ELT Inc. living wall in private residence
Ever since moving to Durango, Colorado, I have become fascinated with the concept of indoor gardening. I am used to being outdoors working on gardens year round in the forgiving Austin climate. Durango is another case. I am patiently waiting until April 1st, to begin my new landscaping job. In the meantime I have been filling my days trying to pursue and fulfill my creative endeavours. That is where indoor gardening came to mind. Of course. I’m sure it is old news to many people, but the only indoor gardening that I was used to were the typical spider plants and ferns found in every office and most homes. Don’t get me wrong, all plants are beautiful, and actually spider plants are one of the top plants which help purify the air. The point is, no matter how small your space, or how cold the climate, you can grow edibles and beautiful, beneficial plants in your home.
There are countless varieties, so I will mainly focus on the concept of indoor gardening. I’ll leave it up to the reader to familiarize themself with a local nursery and have some fun mixing textures and colors amongst plants and vines, edible, aromatic or just aesthetically interesting. Just be aware of which plants may be poisonous to little beings.
First of all, my intrigue was sparked with a company by the name of ELT Easy Green. Their creation was spawned from the idea of green roofs. Some roofs are too steep to grow vegetation, so they designed a system where they pre-grew plants and implemented them on steep slopes and then walls. While many of their designs have been on the grander, high-rise scale, they have designed a smaller version for the individual.
Their walls are a cedar box frame with cubby holes. The cubby holes are formed using a recyclable black plastic call HDPE ( High Density Polyethylene). This plastic is commonly used as pond liner. It has a long life and can be recycled back into itself fully. ELT living walls are easy to install and plant yourself. Their irrigation system is simple, allowing you to pour water through an opening in the top and it filters through the cubbies, to a catchment at the bottom. The water caught, can be reused to water the plants immediately or at a later time. I wish I had invented this!

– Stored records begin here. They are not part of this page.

(* Let $(D,\mathrm{left},\mathrm{right})$ be an interval domain and $x\in D$ with $\Uparrow x\neq\emptyset$ in $D$. Then for every $\le$-filtered set $S\subseteq\max(D)$ that has an infimum $\bigwedge S$ in $(\max(D),\le)$: if $\bigwedge S\le\mathrm{left}(x)$, then there exists $s\in S$ with $s\le\mathrm{right}(x)$.
   Context: For a poset $(P,\sqsubseteq)$: directed (resp. filtered) sets are nonempty sets in which any two elements have an upper (resp. lower) bound in the set; $\bigsqcup S$ is the supremum; $x\ll y$ iff for every directed $S\subseteq P$ with a supremum, $y\sqsubseteq\bigsqcup S$ implies $x\sqsubseteq s$ for some $s\in S$; $\Uparrow x=\{a: x\ll a\}$, $\Downarrow x=\{a:a\ll x\}$. $P$ is continuous if there is $B\subseteq P$ such that for each $x$, $B\cap\Downarrow x$ contains a directed set with supremum $x$; a continuous dcpo is a continuous poset in which every directed set has a supremum. $\max(P)$ is the set of maximal elements, $x\sqcap y$ the infimum of $\{x,y\}$. The Scott topology consists of upper sets $U$ such that $\bigsqcup S\in U$ implies $S\cap U\ne\emptyset$ for directed $S$. An interval poset is a poset $D$ with functions $\mathrm{left},\mathrm{right}:D\to\max(D)$ such that (only named infima are assumed to exist): (i) $x=\mathrm{left}(x)\sqcap\mathrm{right}(x)$ for all $x$; (ii) if $\mathrm{right}(x)=\mathrm{left}(y)$ then $\mathrm{left}(x\sqcap y)=\mathrm{left}(x)$ and $\mathrm{right}(x\sqcap y)=\mathrm{right}(y)$; (iii) for $p\in\max(D)$ with $x\sqsubseteq p$: $\mathrm{left}(\mathrm{left}(x)\sqcap p)=\mathrm{left}(x)$, $\mathrm{right}(\mathrm{left}(x)\sqcap p)=p$, $\mathrm{left}(p\sqcap\mathrm{right}(x))=p$, $\mathrm{right}(p\sqcap\mathrm{right}(x))=\mathrm{right}(x)$. On $\max(D)$ define $a\le b$ iff $a=\mathrm{left}(z)$, $b=\mathrm{right}(z)$ for some $z\in D$; this is a partial order. For $p,q\in\max(D)$ let $[p,\cdot]=\mathrm{left}^{-1}(p)$ and $[\cdot,q]=\mathrm{right}^{-1}(q)$, regarded as subposets of $D$. An interval domain is an interval poset $(D,\mathrm{left},\mathrm{right})$ such that $D$ is a continuous dcpo and: (i) if $p\in\Uparrow x\cap\max(D)$ then $\Uparrow(\mathrm{left}(x)\sqcap p)\ne\emptyset$ and $\Uparrow(p\sqcap\mathrm{right}(x))\ne\emptyset$; (ii) for all $x\in D$ the following are equivalent: (a) $\Uparrow x\ne\emptyset$; (b) for all $y\in[\mathrm{left}(x),\cdot]$ with $y\sqsubseteq x$, $y\ll\mathrm{right}(y)$ in the poset $[\cdot,\mathrm{right}(y)]$; (c) for all $y\in[\cdot,\mathrm{right}(x)]$ with $y\sqsubseteq x$, $y\ll\mathrm{left}(y)$ in the poset $[\mathrm{left}(y),\cdot]$; (iii)(a) for every directed $S\subseteq[p,\cdot]$, $\mathrm{left}(\bigsqcup S)=p$ and $\mathrm{right}(\bigsqcup S)=\mathrm{right}(\bigsqcup T)$ for every directed $T\subseteq[q,\cdot]$ with $\mathrm{right}(T)=\mathrm{right}(S)$ (images); (iii)(b) for every directed $S\subseteq[\cdot,q]$, $\mathrm{right}(\bigsqcup S)=q$ and $\mathrm{left}(\bigsqcup S)=\mathrm{left}(\bigsqcup T)$ for every directed $T\subseteq[\cdot,p]$ with $\mathrm{left}(T)=\mathrm{left}(S)$; (iv) for all $x\in D$, $\{y\in\max(D): x\sqsubseteq y\}$ is compact in the relative Scott topology. *)

theory Defs
  imports Main
begin
theorem proposition3p5:
  fixes A :: "'m::finite \<Rightarrow> complex^'n^'n"
  assumes n2: "CARD('n) \<ge> 2"
    and herm: "\<And>j. hermitian (A j)"
    and indep: "lin_indep_tuple A"
    and zero_in: "0 \<in> higher_rank_nr (CARD('n) - 1) A"
  shows "(CARD('m) = 2 * CARD('n) - 1 \<longrightarrow>
            (\<forall>j0::'m. \<exists>S::real^'m^'m. invertible S \<and>
               higher_rank_nr 1 A = {(axis j0 1 + u) v* S | u. norm u = 1})
            \<and> \<not> starlike (higher_rank_nr 1 A))
       \<and> (CARD('m) < 2 * CARD('n) - 1 \<longrightarrow> star_center (higher_rank_nr 1 A) 0)"
proof -
  obtain q where q: "norm q = 1" and cz: "\<And>j. compression_zero q (A j)"
    using higher_rank_nr_pred_zero[OF zero_in] by blast
  have "higher_rank_nr 1 A = param_map q A ` (param_space q \<inter> sphere (1/2, 0) (1/2))"
    using higher_rank_nr_1_eq[where A=A, OF herm] joint_quad_image_sphere[where A=A, OF herm q cz n2]
    by simp
  then show ?thesis
    using param_image_sphere_normal_form[OF herm q cz indep]
      not_starlike_param_image_sphere[OF herm q cz indep]
      convex_star_center[OF convex_param_image_sphere[where A=A, OF q] zero_in_param_image_sphere]
    by auto
qed

end
lemma small_delay_margin:
  fixes \<tau> \<beta> P :: real
  assumes "0 \<le> \<tau>" "0 < \<beta>"
    and h1: "4 * \<tau> \<le> \<beta> * (2 * exp (-2 * \<tau>) - 1)"
    and h2: "4 * \<tau> + \<beta> * (1 - exp (-2 * \<tau>)) < P"
  shows "4 * \<tau> < P * (1 - 2 * \<tau>)"
proof -
  define u where "u = exp (-2 * \<tau>)"
  have u: "0 < u" "(1 + 2 * \<tau>) * u \<le> 1"
    using one_plus_mult_exp_neg_le[of "2 * \<tau>"] unfolding u_def by simp_all
  have "u \<le> (1 + 2 * \<tau>) * u" using u \<open>0 \<le> \<tau>\<close> by (simp add: algebra_simps)
  with u have "0 \<le> 1 - u" by linarith
  have q: "0 < 2 * u - 1"
  proof (cases "\<tau> = 0")
    case False
    then have "0 < \<beta> * (2 * u - 1)" using h1 \<open>0 \<le> \<tau>\<close> unfolding u_def by linarith
    with \<open>0 < \<beta>\<close> show ?thesis by (simp add: zero_less_mult_iff)
  qed (simp add: u_def)
  have "0 \<le> \<beta> * (1 - u)" using \<open>0 < \<beta>\<close> \<open>0 \<le> 1 - u\<close> by simp
  then have "0 \<le> P" using h2 \<open>0 \<le> \<tau>\<close> unfolding u_def by linarith
  have "4 * \<tau> * u = 4 * \<tau> * (2 * u - 1) + 4 * \<tau> * (1 - u)"
    by (simp add: algebra_simps)
  also have "\<dots> \<le> 4 * \<tau> * (2 * u - 1) + \<beta> * (2 * u - 1) * (1 - u)"
    using h1 \<open>0 \<le> 1 - u\<close> unfolding u_def by (simp add: mult_right_mono)
  also have "\<dots> = (4 * \<tau> + \<beta> * (1 - u)) * (2 * u - 1)"
    by (simp add: algebra_simps)
  also have "\<dots> < P * (2 * u - 1)"
    using h2 q unfolding u_def by (simp add: mult_strict_right_mono)
  also have "\<dots> \<le> P * (u * (1 - 2 * \<tau>))"
    using u \<open>0 \<le> P\<close> by (intro mult_left_mono) (simp_all add: algebra_simps)
  finally have "u * (4 * \<tau>) < u * (P * (1 - 2 * \<tau>))"
    by (simp add: algebra_simps)
  then show ?thesis using u by simp
qed
lemma continuous_on_weighted_integrand:
  fixes G :: "'a::real_normed_vector \<Rightarrow> 'b::topological_space"
  assumes "continuous_on UNIV G"
  shows "continuous_on S (\<lambda>s. G (exp (2 * K * s) *\<^sub>R apply_bcontfun h s))"
proof -
  have "continuous_on S (\<lambda>s. exp (2 * K * s) *\<^sub>R apply_bcontfun h s)"
    by (intro continuous_intros continuous_on_apply_bcontfun)
  then show ?thesis
    by (rule continuous_on_compose2[OF assms]) auto
qed

lemma continuous_on_weighted_picard:
  assumes "continuous_on UNIV G"
  shows "continuous_on {0..T} (weighted_picard G K p0 h)"
proof -
  have "continuous_on {0..T} (\<lambda>t. integral {0..t} (\<lambda>s. G (exp (2 * K * s) *\<^sub>R apply_bcontfun h s)))"
    by (intro indefinite_integral_continuous_1 integrable_continuous_interval
        continuous_on_weighted_integrand[OF assms])
  then show ?thesis
    unfolding weighted_picard_def by (intro continuous_intros)
qed

lemma weighted_picard_contraction:
  assumes lip: "K-lipschitz_on UNIV G" and "t \<ge> 0"
  shows "dist (weighted_picard G K p0 h1 t) (weighted_picard G K p0 h2 t) \<le> 1 / 2 * dist h1 h2"
proof -
  define k where "k h = (\<lambda>s. G (exp (2 * K * s) *\<^sub>R apply_bcontfun h s))" for h
  have int_k: "k h integrable_on {0..t}" for h
    unfolding k_def
    by (intro integrable_continuous_interval continuous_on_weighted_integrand lipschitz_on_continuous_on[OF lip])
  have "norm (k h1 s - k h2 s) \<le> K * exp (2 * K * s) * dist h1 h2" for s
  proof -
    have "norm (k h1 s - k h2 s) \<le> K * dist (exp (2 * K * s) *\<^sub>R apply_bcontfun h1 s) (exp (2 * K * s) *\<^sub>R apply_bcontfun h2 s)"
      unfolding k_def dist_norm[symmetric] by (rule lipschitz_onD[OF lip]) auto
    also have "\<dots> = K * (exp (2 * K * s) * dist (apply_bcontfun h1 s) (apply_bcontfun h2 s))"
      by (simp add: dist_norm flip: scaleR_diff_right)
    also have "\<dots> \<le> K * (exp (2 * K * s) * dist h1 h2)"
      using lipschitz_on_nonneg[OF lip] by (intro mult_left_mono dist_bounded) auto
    finally show ?thesis
      by (simp add: mult.assoc)
  qed
  then have "norm (integral {0..t} (k h1) - integral {0..t} (k h2)) \<le> dist h1 h2 * (exp (2 * K * t) - 1) / 2"
    using \<open>t \<ge> 0\<close> by (intro norm_integral_diff_le_exp int_k) auto
  then have "exp (- 2 * K * t) * norm (integral {0..t} (k h1) - integral {0..t} (k h2))
      \<le> exp (- 2 * K * t) * (dist h1 h2 * (exp (2 * K * t) - 1) / 2)"
    by (intro mult_left_mono) auto
  also have "\<dots> = dist h1 h2 * (1 - exp (- 2 * K * t)) / 2"
    by (simp add: field_simps flip: exp_add)
  also have "\<dots> \<le> 1 / 2 * dist h1 h2"
    by (simp add: field_simps)
  finally show ?thesis
    by (simp add: weighted_picard_def k_def dist_norm flip: scaleR_diff_right)
qed

lemma bcontfun_compose_clamp:
  fixes g :: "real \<Rightarrow> 'a::metric_space"
  assumes "continuous_on {0..T} g" and "T \<ge> 0"
  shows "(\<lambda>t. g (max 0 (min T t))) \<in> bcontfun"
proof -
  have "continuous_on UNIV (\<lambda>t. max 0 (min T t))"
    by (intro continuous_intros)
  then have "continuous_on UNIV (\<lambda>t. g (max 0 (min T t)))"
    by (rule continuous_on_compose2[OF assms(1)]) (use assms(2) in auto)
  moreover have "range (\<lambda>t. g (max 0 (min T t))) \<subseteq> g ` {0..T}"
    using assms(2) by auto
  then have "bounded (range (\<lambda>t. g (max 0 (min T t))))"
    using compact_imp_bounded[OF compact_continuous_image[OF assms(1) compact_Icc]] bounded_subset by blast
  ultimately show ?thesis
    by (simp add: bcontfun_def)
qed

lemma lipschitz_ode_has_solution:
  fixes G :: "'a::banach \<Rightarrow> 'a"
  assumes "L-lipschitz_on UNIV G" and "T \<ge> 0"
  shows "\<exists>f. f 0 = p0 \<and> (\<forall>t\<in>{0..T}. (f has_vector_derivative G (f t)) (at t within {0..T}))"
proof -
  have contG: "continuous_on UNIV G"
    using assms(1) by (rule lipschitz_on_continuous_on)
  \<comment> \<open>freezing time outside [0, T] lets the operator act on bounded continuous functions on the line\<close>
  define cl where "cl t = max 0 (min T t)" for t
  have cl: "cl t \<in> {0..T}" "t \<in> {0..T} \<Longrightarrow> cl t = t" for t
    using assms(2) by (auto simp: cl_def)
  define P where "P h t = weighted_picard G L p0 h (cl t)" for h t
  have "P h \<in> bcontfun" for h
    unfolding P_def cl_def
    by (rule bcontfun_compose_clamp[OF continuous_on_weighted_picard[OF contG] assms(2)])
  then have P: "apply_bcontfun (Bcontfun (P h)) = P h" for h
    by (simp add: Bcontfun_inverse)
  have "dist (Bcontfun (P h1)) (Bcontfun (P h2)) \<le> 1 / 2 * dist h1 h2" for h1 h2
  proof (rule dist_bound)
    fix t
    show "dist (apply_bcontfun (Bcontfun (P h1)) t) (apply_bcontfun (Bcontfun (P h2)) t) \<le> 1 / 2 * dist h1 h2"
      using weighted_picard_contraction[OF assms(1), of "cl t"] cl(1)[of t] by (simp add: P P_def)
  qed
  then obtain h where h: "Bcontfun (P h) = h"
    using banach_fix_type[of "1 / 2" "\<lambda>h. Bcontfun (P h)"] by auto
  define f where "f t = exp (2 * L * t) *\<^sub>R apply_bcontfun h t" for t
  have f_eq: "f t = p0 + integral {0..t} (\<lambda>s. G (f s))" if "t \<in> {0..T}" for t
  proof -
    have "apply_bcontfun h t = weighted_picard G L p0 h t"
      using P[of h] h cl(2)[OF that] by (metis P_def)
    then show ?thesis
      by (simp add: f_def weighted_picard_def flip: exp_add)
  qed
  have "continuous_on {0..T} f"
    unfolding f_def by (intro continuous_intros continuous_on_apply_bcontfun)
  then show ?thesis
    using f_eq[of 0] assms(2) integral_equation_has_vector_derivative[OF contG _ f_eq]
    by auto
qed

section \<open>Lyapunov functions along solutions\<close>

lemma gronwall_exp_le:
  fixes \<phi> \<phi>' :: "real \<Rightarrow> real"
  assumes "T \<ge> 0"
    and "\<And>t. t \<in> {0..T} \<Longrightarrow> (\<phi> has_real_derivative \<phi>' t) (at t within {0..T})"
    and "\<And>t. t \<in> {0<..<T} \<Longrightarrow> \<phi>' t \<le> c * \<phi> t"
  shows "\<phi> T \<le> exp (c * T) * \<phi> 0"
proof -
  have "continuous_on {0..T} \<phi>"
    using assms(2) by (metis DERIV_continuous continuous_on_eq_continuous_within)
  then have cont: "continuous_on {0..T} (\<lambda>t. exp (- c * t) * \<phi> t)"
    by (intro continuous_intros)
  have "exp (- c * T) * \<phi> T \<le> exp (- c * 0) * \<phi> 0"
  proof (rule DERIV_nonpos_imp_decreasing_open[OF assms(1) _ cont])
    fix t assume t: "0 < t" "t < T"
    then have "(\<phi> has_real_derivative \<phi>' t) (at t)"
      using assms(2)[of t] at_within_Icc_at[of 0 t T] by auto
    then have "((\<lambda>t. exp (- c * t) * \<phi> t) has_real_derivative exp (- c * t) * (\<phi>' t - c * \<phi> t)) (at t)"
      by (auto intro!: derivative_eq_intros simp: algebra_simps)
    moreover have "exp (- c * t) * (\<phi>' t - c * \<phi> t) \<le> 0"
      using assms(3)[of t] t by (simp add: mult_nonneg_nonpos)
    ultimately show "\<exists>y. ((\<lambda>t. exp (- c * t) * \<phi> t) has_real_derivative y) (at t) \<and> y \<le> 0"
      by blast
  qed
  then show ?thesis
    by (simp add: exp_minus field_simps)
qed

If you cannot afford a living wall system, which currently I cannot, there are still numerous, innovative ways for you to grow plants indoors. If space is limited, then vertical is the key. Vines! You can train them to follow any direction or form, or let them hang from baskets. As long as there is a window nearby that allows about five hours of light, then you are set. Some vines that are edible include peas, passionflower and runner beans.

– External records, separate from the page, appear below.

definition proper_left_invariant_metric ::
  "('g, 'a) monoid_scheme \<Rightarrow> ('g \<Rightarrow> 'g \<Rightarrow> real) \<Rightarrow> bool" where
  "proper_left_invariant_metric G d \<longleftrightarrow>
     (\<forall>x\<in>carrier G. \<forall>y\<in>carrier G.
        (d x y = 0 \<longleftrightarrow> x = y) \<and> d x y = d y x \<and>
        (\<forall>z\<in>carrier G. d x z \<le> d x y + d y z)) \<and>
     (\<forall>g\<in>carrier G. \<forall>x\<in>carrier G. \<forall>y\<in>carrier G.
        d (g \<otimes>\<^bsub>G\<^esub> x) (g \<otimes>\<^bsub>G\<^esub> y) = d x y) \<and>
     (\<forall>x\<in>carrier G. \<forall>r::real. finite {y \<in> carrier G. d x y \<le> r})"

text \<open>\<open>H \<wr> G = H^(G) \<rtimes> G\<close>: pairs (f, g) with f a finitely supported function
  from G to H (extensional outside carrier G) and g in G; G acts by left translation,
  \<open>(g \<cdot> f)(x) = f(g\<inverse> x)\<close>, and \<open>(f,g)(f',g') = (f \<cdot> (g \<cdot> f'), g g')\<close>.\<close>
definition wreath_product ::
  "('h, 'b) monoid_scheme \<Rightarrow> ('g, 'a) monoid_scheme \<Rightarrow> (('g \<Rightarrow> 'h) \<times> 'g) monoid" where
  "wreath_product H G =
    \<lparr> carrier = {(f, g). f \<in> extensional (carrier G) \<and> f \<in> carrier G \<rightarrow> carrier H \<and>
                        finite {x \<in> carrier G. f x \<noteq> \<one>\<^bsub>H\<^esub>} \<and> g \<in> carrier G},
      monoid.mult = (\<lambda>(f, g) (f', g').
                ((\<lambda>x. if x \<in> carrier G then f x \<otimes>\<^bsub>H\<^esub> f' (inv\<^bsub>G\<^esub> g \<otimes>\<^bsub>G\<^esub> x) else undefined),
                 g \<otimes>\<^bsub>G\<^esub> g')),
      monoid.one = ((\<lambda>x. if x \<in> carrier G then \<one>\<^bsub>H\<^esub> else undefined), \<one>\<^bsub>G\<^esub>) \<rparr>"

text \<open>Families are sets of subspaces of one ambient (pseudo)metric \<open>d\<close>; subspaces carry
  the restricted metric.\<close>

definition r_disjoint :: "('a \<Rightarrow> 'a \<Rightarrow> real) \<Rightarrow> real \<Rightarrow> 'a set set \<Rightarrow> bool" where
  "r_disjoint d r UU \<longleftrightarrow>
     (\<forall>U\<in>UU. \<forall>U'\<in>UU. U \<noteq> U' \<longrightarrow> (\<forall>x\<in>U. \<forall>y\<in>U'. d x y > r))"

definition bounded_family :: "('a \<Rightarrow> 'a \<Rightarrow> real) \<Rightarrow> 'a set set \<Rightarrow> bool" where
  "bounded_family d XX \<longleftrightarrow> (\<exists>B::real. \<forall>A\<in>XX. \<forall>x\<in>A. \<forall>y\<in>A. d x y \<le> B)"

text \<open>\<open>XX \<rightarrow>R YY\<close>: the sequence \<open>R \<in> \<real>^\<nat>\<close> is indexed so that \<open>U_i\<close> is \<open>R_i\<close>-disjoint
  for \<open>i = 1..k\<close>.\<close>
definition decomposes :: "('a \<Rightarrow> 'a \<Rightarrow> real) \<Rightarrow> 'a set set \<Rightarrow> (nat \<Rightarrow> real) \<Rightarrow> 'a set set \<Rightarrow> bool" where
  "decomposes d XX R YY \<longleftrightarrow>
     (\<exists>k::nat. \<forall>A\<in>XX. \<exists>UU::nat \<Rightarrow> 'a set set.
        (\<forall>i\<in>{1..k}. UU i \<subseteq> YY \<and> (\<forall>V\<in>UU i. V \<subseteq> A) \<and> r_disjoint d (R i) (UU i)) \<and>
        \<Union>(\<Union>i\<in>{1..k}. UU i) = A)"

text \<open>The union over all ordinals \<open>\<alpha>\<close> of the classes \<open>\<frak>C_\<alpha>\<close>, defined as the least class
  containing the bounded families and closed under the transfinite step.\<close>
inductive APC_class :: "('a \<Rightarrow> 'a \<Rightarrow> real) \<Rightarrow> 'a set set \<Rightarrow> bool" for d where
  bounded: "bounded_family d XX \<Longrightarrow> APC_class d XX"
| step: "(\<And>R. \<exists>YY. APC_class d YY \<and> decomposes d XX R YY) \<Longrightarrow> APC_class d XX"

definition finite_APC_complexity :: "('a \<Rightarrow> 'a \<Rightarrow> real) \<Rightarrow> 'a set \<Rightarrow> bool" where
  "finite_APC_complexity d S \<longleftrightarrow> (\<exists>XX. S \<in> XX \<and> APC_class d XX)"

end

theory Submission
  imports Defs
begin

text \<open>The wreath product is an extension of \<open>G\<close> by the base group \<open>H^(G)\<close>, and by the
  fibering theorem finite APC-decomposition complexity passes to extensions: over a bounded set
  the fibres of a homomorphism lie in a translate of finitely many cosets of its kernel. For
  the base group, given a radius \<open>r\<close>, the finite \<open>r\<close>-ball is supported in a finite set
  \<open>E \<subseteq> G\<close>, so the cosets of \<open>H^E\<close> decompose \<open>H^(G)\<close> into \<open>r\<close>-disjoint pieces; and \<open>H^E\<close> has
  finite complexity by induction on \<open>E\<close>, as an iterated extension of copies of \<open>H\<close>.\<close>

section \<open>Decompositions of families\<close>

definition is_decomposition ::
  "('a \<Rightarrow> 'a \<Rightarrow> real) \<Rightarrow> (nat \<Rightarrow> real) \<Rightarrow> 'a set set \<Rightarrow> nat \<Rightarrow> 'a set \<Rightarrow> (nat \<Rightarrow> 'a set set) \<Rightarrow> bool"
  where
  "is_decomposition d R YY k A UU \<longleftrightarrow>
     (\<forall>i\<in>{1..k}. UU i \<subseteq> YY \<and> (\<forall>V\<in>UU i. V \<subseteq> A) \<and> r_disjoint d (R i) (UU i)) \<and>
     \<Union>(\<Union>i\<in>{1..k}. UU i) = A"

Other indoor vines include Purple heart, pothos and many varieties of ivy. Pothos is an excellent plant and will grow vigorously with little water and medium light. You can think of vines as another decorative element to your home or apartment and train them to grow all over the walls, mirrors or doorways. I have always loved the idea of the bathroom mirror being draped in some foliage.
Most plants which are variegated are good options for indoors. They can most likely withstand more shade than the average plant. Plus, the light and dark greens and whites of their leaves offer a dramatic contrast indoors.
As for other indoor plants, herbs are excellent! Especially in a window planter. Basil, bay, thyme, sage, rosemary, dill, parsley, chives, lemon balm, mint, oregano and savory to name a few. Herbs will definitely need about five to six hours of light, so you may think of a south facing window. Plus they will need more water attention. However, to make a mojito and use fresh mint from your window garden can not be beat. Or making pasta and garnishing it with fresh basil! YUM! The aroma from the herbs alone would be well worth the effort.
For indoor plants, take care to watch their water needs and know their water needs when you purchase them. They will most likely need to be watered more often than if they were in the ground, and an organic fertilizer would be beneficial to use on them a few times a year. Know, they are not receiving the same level of nutritive recycling as if they were in the ground. So, love them and nourish them. A good way to salvage some water is to use water from your shower, before you shower. We all let the water run a bit until it gets to that desirable temperature, well in the mean time precious water is swimming down the drain. Place a bucket under the shower head while it warms up and catch that water. Then move the bucket so you can enjoy a nice wash. Another option is to use the water used from steaming or boiling vegetables like potatoes, beets or broccoli. Even from cooking pasta. Let the water cool before using it on your plants. At least this way, you can make the most of the nutrients lost in the boiling process and recycle them onto your plants!
Be creative! Use anything for planters, just make sure the containers are big enough and do not leach out toxins. Do not use anything painted or stained. Although, you may use old plastic bottles, cans, water troughs from the feed store, terra cotta pots or make wood planters. Yes, the wood will eventually deteriorate, but not for a few years. You may also line it with some pond liner if you can salvage a bit and extend the life of the wood. Wine barrels! Not only are they excellent to use as a rain barrel, but they can be used as a mega planter! Look up a local winery and see how much they’ll sell their old barrels. I’ve inquired and the price was always pretty agreeable. Make sure there are drainage holes at the bottom of your containers. Plants do not like to be soggy, well at least not these plants.
I hope with spring approaching that this will inspire some people to bring some color and life into their homes, despite the square footage. Being innovative with your plant purchases and designing where they go is definitely a fun spice up your space and beat out any winter blues.